I would like to return for a given node-id related nodes and their relationships props

For example: -> defines a bi direction relationship with property timestamp

1234->777
777->1234
1234->999
999->1234
1234->888
888->1234

1234,777,888,999 are node-ids

When I execute this:

    final PreparedStatement ps = conn.prepareStatement("start a = node(1234) match (a)-[k:nearby*]->(b) where a<>b return DISTINCT b, k");        
    ResultSet rs = ps.executeQuery();
    while (rs.next()) {
         Map result = (Map<String, Object>) rs.getObject("b");     
        System.out.println(result.toString());
    }

} catch (SQLException e) {
    e.printStackTrace();
    logger.error("Error returning userId=" + userIdInput, e);
}
return null;

}

I get:

{userId=777}
{userId=999}
{userId=888}
{userId=888}
{userId=999}
{userId=999}
{userId=777}
{userId=888}
{userId=888}
{userId=777}
{userId=888}
{userId=777}
{userId=999}
{userId=999}
{userId=777}
  1. How I do get distinct results only (777,888,999)
  2. How to retrieve the relationship props of 1234 to the dest node?

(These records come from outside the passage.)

(* Let $F$ be a global function field with full constant field $\mathbb{F}_q$ and rational places $P_1,\dots,P_n$; fix $m\ge1$. Let $r\ge t\ge0$ and $j_1,\dots,j_m\ge0$ be integers with $mn-(j_1+2j_2+\cdots+mj_m)\le t\le(m+1)n-(2j_1+\cdots+(m+1)j_m)$, and put $w=j_1+2j_2+\cdots+mj_m$. Then $$|\mathcal{U}(r,t;j_1,\dots,j_m)|=\binom{n}{j_m}\binom{n-j_m}{j_{m-1}}\cdots\binom{n-(j_2+\cdots+j_m)}{j_1}\binom{n-(j_1+\cdots+j_m)}{t-mn+w}\,C_{r-mn+w,\;t-mn+w}.$$
   Context: For a positive divisor $D$: $\overline D=\sum_{i=1}^n\min(m+1,v_{P_i}(D))P_i$, $j_\ell(D)=|\{i:v_{P_i}(D)=m-\ell\}|$. $\mathcal{U}(r,t;j_1,\dots,j_m)$ is the set of positive divisors $D$ with $\deg D=r$, $\deg\overline D=t$, $j_\ell(D)=j_\ell$ ($1\le\ell\le m$). For integers $a\ge b\ge0$ with $b\le n$, $C_{a,b}$ is the number of positive divisors $D$ of $F$ of degree $a$ with ${\rm supp}(\overline D)=\{Q_1,\dots,Q_b\}$ (i.e. $v_{Q_k}(D)\ge1$ for all $k$ and $v_P(D)=0$ for all other rational places $P$), for a fixed set $\{Q_1,\dots,Q_b\}$ of $b$ rational places; this number depends only on $b$, not on the chosen set. *)

theory Defs
  imports Main
begin

(* Abstract model of the places of a global function field F:
   places have type 'p, each place p has a degree deg p >= 1,
   P i (1 <= i <= n) are the rational places (the places of degree 1).
   A divisor is an integer valued function on places with finite support. *)

definition positive_divisor :: "('p \<Rightarrow> int) \<Rightarrow> bool" where
  "positive_divisor D \<longleftrightarrow> (\<forall>p. D p \<ge> 0) \<and> finite {p. D p \<noteq> 0}"

definition div_deg :: "('p \<Rightarrow> nat) \<Rightarrow> ('p \<Rightarrow> int) \<Rightarrow> int" where
  "div_deg deg D = (\<Sum>p\<in>{p. D p \<noteq> 0}. D p * int (deg p))"

definition div_bar :: "(nat \<Rightarrow> 'p) \<Rightarrow> nat \<Rightarrow> nat \<Rightarrow> ('p \<Rightarrow> int) \<Rightarrow> ('p \<Rightarrow> int)" where
  "div_bar P n m D = (\<lambda>p. if p \<in> P ` {1..n} then min (int m + 1) (D p) else 0)"

definition jcount :: "(nat \<Rightarrow> 'p) \<Rightarrow> nat \<Rightarrow> nat \<Rightarrow> ('p \<Rightarrow> int) \<Rightarrow> nat \<Rightarrow> nat" where
  "jcount P n m D l = card {i\<in>{1..n}. D (P i) = int m - int l}"

definition U_set :: "('p \<Rightarrow> nat) \<Rightarrow> (nat \<Rightarrow> 'p) \<Rightarrow> nat \<Rightarrow> nat \<Rightarrow> nat \<Rightarrow> nat \<Rightarrow> (nat \<Rightarrow> nat) \<Rightarrow> ('p \<Rightarrow> int) set" where
  "U_set deg P n m r t j = {D. positive_divisor D \<and> div_deg deg D = int r
      \<and> div_deg deg (div_bar P n m D) = int t
      \<and> (\<forall>l\<in>{1..m}. jcount P n m D l = j l)}"

(* C_{a,b}: positive divisors of degree a whose bar has support exactly {P_1,...,P_b}
   (a fixed choice of b rational places) *)
definition C_num :: "('p \<Rightarrow> nat) \<Rightarrow> (nat \<Rightarrow> 'p) \<Rightarrow> nat \<Rightarrow> nat \<Rightarrow> nat \<Rightarrow> nat" where
  "C_num deg P n a b = card {D. positive_divisor D \<and> div_deg deg D = int a
      \<and> (\<forall>i\<in>{1..n}. (D (P i) \<ge> 1 \<longleftrightarrow> i \<le> b))}"

end

theory Submission
  imports Defs "HOL-Library.FuncSet" "HOL-Combinatorics.Permutations"
begin

(* Split a positive divisor D into its truncation min(m+1, D) on the rational places, which is
   \overline D there, and its excess: max(0, D - m) on the rational places and D elsewhere.
   This is a bijection onto the compatible pairs, in which the excess is positive at a rational
   place exactly when the truncation is m+1 there.  Once the j_l are fixed, deg \overline D = t
   says that the truncation equals m+1 at exactly K = t - mn + w places, so the truncations are
   the assignments of levels to the n rational places with prescribed level sizes (a product of
   binomials), and the excesses are the divisors of degree r - mn + w meeting the rational places
   in a given K-set.  Their number is C(r-mn+w, K), since permuting the rational places
   preserves degrees. *)

section \<open>Functions with prescribed fibre sizes\<close>

lemma bij_betw_PiE_insert_fibre:
  assumes "y \<notin> B"
  shows "bij_betw (\<lambda>f. ({x\<in>I. f x = y}, restrict f (I - {x\<in>I. f x = y})))
           (I \<rightarrow>\<^sub>E insert y B) (SIGMA X:Pow I. (I - X) \<rightarrow>\<^sub>E B)"
proof (rule bij_betw_byWitness[where f' = "\<lambda>Xg x. if x \<in> fst Xg then y else snd Xg x"])
  have "{x\<in>I. (if x \<in> X then y else g x) = y} = X" if "X \<subseteq> I" "g \<in> (I - X) \<rightarrow>\<^sub>E B" for X g
    using that assms by (auto simp: PiE_def Pi_def)
  then show "\<forall>Xg\<in>SIGMA X:Pow I. (I - X) \<rightarrow>\<^sub>E B.
      ({x\<in>I. (if x \<in> fst Xg then y else snd Xg x) = y},
       restrict (\<lambda>x. if x \<in> fst Xg then y else snd Xg x) (I - {x\<in>I. (if x \<in> fst Xg then y else snd Xg x) = y})) = Xg"
    by (auto simp: fun_eq_iff PiE_def extensional_def)
qed (auto simp: fun_eq_iff PiE_def Pi_def extensional_def split: if_splits)

definition funs_with_fibre_sizes :: "'a set \<Rightarrow> 'b \<Rightarrow> (nat \<Rightarrow> 'b) \<Rightarrow> nat \<Rightarrow> (nat \<Rightarrow> nat) \<Rightarrow> ('a \<Rightarrow> 'b) set"
  where "funs_with_fibre_sizes I z val s c =
    {f \<in> I \<rightarrow>\<^sub>E insert z (val ` {..<s}). \<forall>v<s. card {x\<in>I. f x = val v} = c v}"

lemma card_funs_with_fibre_sizes_Suc:
  assumes "finite I" "inj_on val {..<Suc s}" "z \<notin> val ` {..<Suc s}"
  shows "card (funs_with_fibre_sizes I z val (Suc s) c)
       = (\<Sum>X | X \<subseteq> I \<and> card X = c s. card (funs_with_fibre_sizes (I - X) z val s c))"
proof -
  define B where "B = insert z (val ` {..<s})"
  define detach where "detach = (\<lambda>f. ({x\<in>I. f x = val s}, restrict f (I - {x\<in>I. f x = val s})))"
  have y: "val s \<notin> B" and img: "insert z (val ` {..<Suc s}) = insert (val s) B"
    using assms by (auto simp: B_def lessThan_Suc)
  have fibre: "card {x\<in>I - fst (detach f). snd (detach f) x = val v} = card {x\<in>I. f x = val v}"
    if "v < s" for f v
  proof -
    have "val v \<noteq> val s"
      using assms(2) that by (auto dest: inj_onD)
    then show ?thesis
      by (auto simp: detach_def intro: arg_cong[where f = card])
  qed
  have "bij_betw detach
      {f \<in> I \<rightarrow>\<^sub>E insert (val s) B. \<forall>v<Suc s. card {x\<in>I. f x = val v} = c v}
      {Xg \<in> SIGMA X:Pow I. (I - X) \<rightarrow>\<^sub>E B.
         card (fst Xg) = c s \<and> (\<forall>v<s. card {x\<in>I - fst Xg. snd Xg x = val v} = c v)}"
  proof (rule bij_betw_Collect[OF bij_betw_PiE_insert_fibre[OF y, where I = I, folded detach_def]])
    show "(card (fst (detach f)) = c s
          \<and> (\<forall>v<s. card {x\<in>I - fst (detach f). snd (detach f) x = val v} = c v))
        \<longleftrightarrow> (\<forall>v<Suc s. card {x\<in>I. f x = val v} = c v)" for f
      using fibre by (auto simp: less_Suc_eq detach_def)
  qed
  moreover have "{Xg \<in> SIGMA X:Pow I. (I - X) \<rightarrow>\<^sub>E B.
         card (fst Xg) = c s \<and> (\<forall>v<s. card {x\<in>I - fst Xg. snd Xg x = val v} = c v)}
      = (SIGMA X:{X. X \<subseteq> I \<and> card X = c s}. funs_with_fibre_sizes (I - X) z val s c)"
    by (auto simp: funs_with_fibre_sizes_def B_def)
  ultimately have "card (funs_with_fibre_sizes I z val (Suc s) c)
      = card (SIGMA X:{X. X \<subseteq> I \<and> card X = c s}. funs_with_fibre_sizes (I - X) z val s c)"
    by (simp add: funs_with_fibre_sizes_def img bij_betw_same_card)
  also have "\<dots> = (\<Sum>X | X \<subseteq> I \<and> card X = c s. card (funs_with_fibre_sizes (I - X) z val s c))"
  proof (rule card_SigmaI)
    show "finite {X. X \<subseteq> I \<and> card X = c s}"
      using assms(1) by simp
    show "\<forall>X\<in>{X. X \<subseteq> I \<and> card X = c s}. finite (funs_with_fibre_sizes (I - X) z val s c)"
      unfolding funs_with_fibre_sizes_def
      using assms(1) finite_PiE[of "I - _" "\<lambda>_. insert z (val ` {..<s})"] by auto
  qed
  finally show ?thesis .
qed

lemma card_funs_with_fibre_sizes:
  assumes "finite I" "inj_on val {..<s}" "z \<notin> val ` {..<s}"
  shows "card (funs_with_fibre_sizes I z val s c) = (\<Prod>v<s. (card I - (\<Sum>u\<in>{v<..<s}. c u)) choose c v)"
  using assms
proof (induction s arbitrary: I)
  case 0
  then show ?case
    by (simp add: funs_with_fibre_sizes_def card_PiE)
next
  case (Suc s)
  have "card (funs_with_fibre_sizes I z val (Suc s) c)
      = (\<Sum>X | X \<subseteq> I \<and> card X = c s. card (funs_with_fibre_sizes (I - X) z val s c))"
    using Suc.prems by (rule card_funs_with_fibre_sizes_Suc)
  also have "\<dots> = (\<Sum>X | X \<subseteq> I \<and> card X = c s. \<Prod>v<s. (card I - c s - (\<Sum>u\<in>{v<..<s}. c u)) choose c v)"
  proof (rule sum.cong)
    fix X assume "X \<in> {X. X \<subseteq> I \<and> card X = c s}"
    then have "card (I - X) = card I - c s"
      using Suc.prems(1) by (auto simp: card_Diff_subset finite_subset)
    then show "card (funs_with_fibre_sizes (I - X) z val s c)
        = (\<Prod>v<s. (card I - c s - (\<Sum>u\<in>{v<..<s}. c u)) choose c v)"
      using Suc.IH[of "I - X"] Suc.prems by (simp add: inj_on_subset lessThan_Suc)
  qed simp
  also have "\<dots> = (card I choose c s) * (\<Prod>v<s. (card I - c s - (\<Sum>u\<in>{v<..<s}. c u)) choose c v)"
    using n_subsets[OF Suc.prems(1)] by simp
  also have "\<dots> = (\<Prod>v<Suc s. (card I - (\<Sum>u\<in>{v<..<Suc s}. c u)) choose c v)"
  proof -
    have "{v<..<Suc s} = insert s {v<..<s}" if "v < s" for v
      using that by auto
    moreover have "{s<..<Suc s} = {}"
      by auto
    ultimately show ?thesis
      by (simp add: diff_diff_add add.commute)
  qed
  finally show ?case .
qed

section \<open>Degrees of positive divisors\<close>

lemma div_deg_eq_sum_superset:
  assumes "finite A" "{p. D p \<noteq> 0} \<subseteq> A"
  shows "div_deg deg D = (\<Sum>p\<in>A. D p * int (deg p))"
  unfolding div_deg_def using assms by (intro sum.mono_neutral_left) auto

lemma div_deg_eq_plus_sum_diff:
  assumes "finite {p. D p \<noteq> 0}" "finite {p. E p \<noteq> 0}" "finite R"
    and "\<forall>p\<in>R. deg p = 1" "\<forall>p. p \<notin> R \<longrightarrow> D p = E p"
  shows "div_deg deg D = div_deg deg E + (\<Sum>p\<in>R. D p - E p)"
proof -
  let ?A = "{p. D p \<noteq> 0} \<union> {p. E p \<noteq> 0} \<union> R"
  have "div_deg deg D = (\<Sum>p\<in>?A. D p * int (deg p))" "div_deg deg E = (\<Sum>p\<in>?A. E p * int (deg p))"
    using assms(1-3) by (auto intro!: div_deg_eq_sum_superset)
  then have "div_deg deg D - div_deg deg E = (\<Sum>p\<in>?A. (D p - E p) * int (deg p))"
    by (simp add: sum_subtractf left_diff_distrib)
  also have "\<dots> = (\<Sum>p\<in>R. (D p - E p) * int (deg p))"
    using assms(1-3,5) by (intro sum.mono_neutral_right) auto
  also have "\<dots> = (\<Sum>p\<in>R. D p - E p)"
    using assms(4) by simp
  finally show ?thesis
    by simp
qed

lemma finite_positive_divisors_of_degree:
  assumes "\<forall>p. 1 \<le> deg p" "\<forall>d. finite {p. deg p = d}"
  shows "finite {D. positive_divisor D \<and> div_deg deg D = int a}"
proof -
  let ?Q = "{p. deg p \<le> a}"
  have "?Q = (\<Union>d\<le>a. {p. deg p = d})"
    by auto
  then have "finite ?Q"
    using assms(2) by simp
  moreover have "D \<in> {D. \<forall>p. (p \<in> ?Q \<longrightarrow> D p \<in> {0..int a}) \<and> (p \<notin> ?Q \<longrightarrow> D p = 0)}"
    if D: "positive_divisor D" "div_deg deg D = int a" for D
  proof -
    have nonneg: "0 \<le> D p" for p
      using D(1) by (simp add: positive_divisor_def)
    have bound: "D p \<le> int a \<and> deg p \<le> a" if "D p \<noteq> 0" for p
    proof -
      have "D p * int (deg p) \<le> (\<Sum>q | D q \<noteq> 0. D q * int (deg q))"
        using D(1) that by (intro member_le_sum) (auto simp: positive_divisor_def)
      then have "D p * int (deg p) \<le> int a"
        using D(2) by (simp add: div_deg_def)
      moreover have "1 \<le> D p" "1 \<le> int (deg p)"
        using nonneg[of p] that assms(1) by auto
      then have "D p \<le> D p * int (deg p)" "int (deg p) \<le> D p * int (deg p)"
        by (simp_all add: mult_le_cancel_left1 mult_le_cancel_right1)
      ultimately show ?thesis
        by linarith
    qed
    show ?thesis
    proof (intro CollectI allI conjI impI)
      fix p
      show "D p \<in> {0..int a}"
        using nonneg[of p] bound[of p] by (cases "D p = 0") auto
      show "D p = 0" if "p \<notin> ?Q"
        using bound[of p] that by auto
    qed
  qed
  ultimately show ?thesis
    by (intro finite_subset[OF _ finite_set_of_finite_funs[where B = "{0..int a}"]]) auto
qed

lemma positive_divisor_comp_bij:
  assumes "bij \<pi>" "positive_divisor D"
  shows "positive_divisor (D \<circ> \<pi>)"
proof -
  have "finite (\<pi> -` {p. D p \<noteq> 0})"
    using assms by (intro finite_vimageI) (auto simp: positive_divisor_def bij_def)
  then show ?thesis
    using assms(2) by (simp add: positive_divisor_def vimage_def)
qed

I expect to get the timestamp prop which defined on each relationship

Thank you, ray.

2

2 Answers

2
votes

I'm not sure what language you're using so I'll focus on the Cypher. Firstly I would replace the START query with a MATCH with a WHERE on ID(a):

MATCH (a)-[k:nearby*]->(b)
WHERE ID(a) = 1234 AND a<>b
RETURN DISTINCT b, k

Secondly I'm pretty sure you don't need the a<>b because Cypher paths won't loop back on the same nodes:

MATCH (a)-[k:nearby*]->(b)
WHERE ID(a) = 1234
RETURN DISTINCT b, k

Lastly, and to your question, I suspect the reason that you're getting duplicates is because you have multiple relationships. If so you can return the result node and an array of the relationships like so:

MATCH (a)-[k:nearby*]->(b)
WHERE ID(a) = 1234
RETURN collect(b), k

That should return you node/relationship objects (with properties on both). Depending on your language/library you might get Maps or you might get objects wrapping the data

If your library doesn't return the start/end nodes for relationships for you, you can do something like this:

MATCH (a)-[k:nearby*]->(b)
WHERE ID(a) = 1234
RETURN collect({rel: b, startnode: startnode(b), endnode: endnode(b)}), k

Hopefully that helps!

0
votes

You get non distinct results, because you return both b and k

If you only want to get distinct b's use:

MATCH (a)-[k:nearby*]->(b)
WHERE ID(a) = 1234 AND a<>b
RETURN DISTINCT b

You should also use parameters!

MATCH (a)-[k:nearby*]->(b)
WHERE ID(a) = {1} AND a<>b
RETURN DISTINCT b


ps.setInt(1,1234);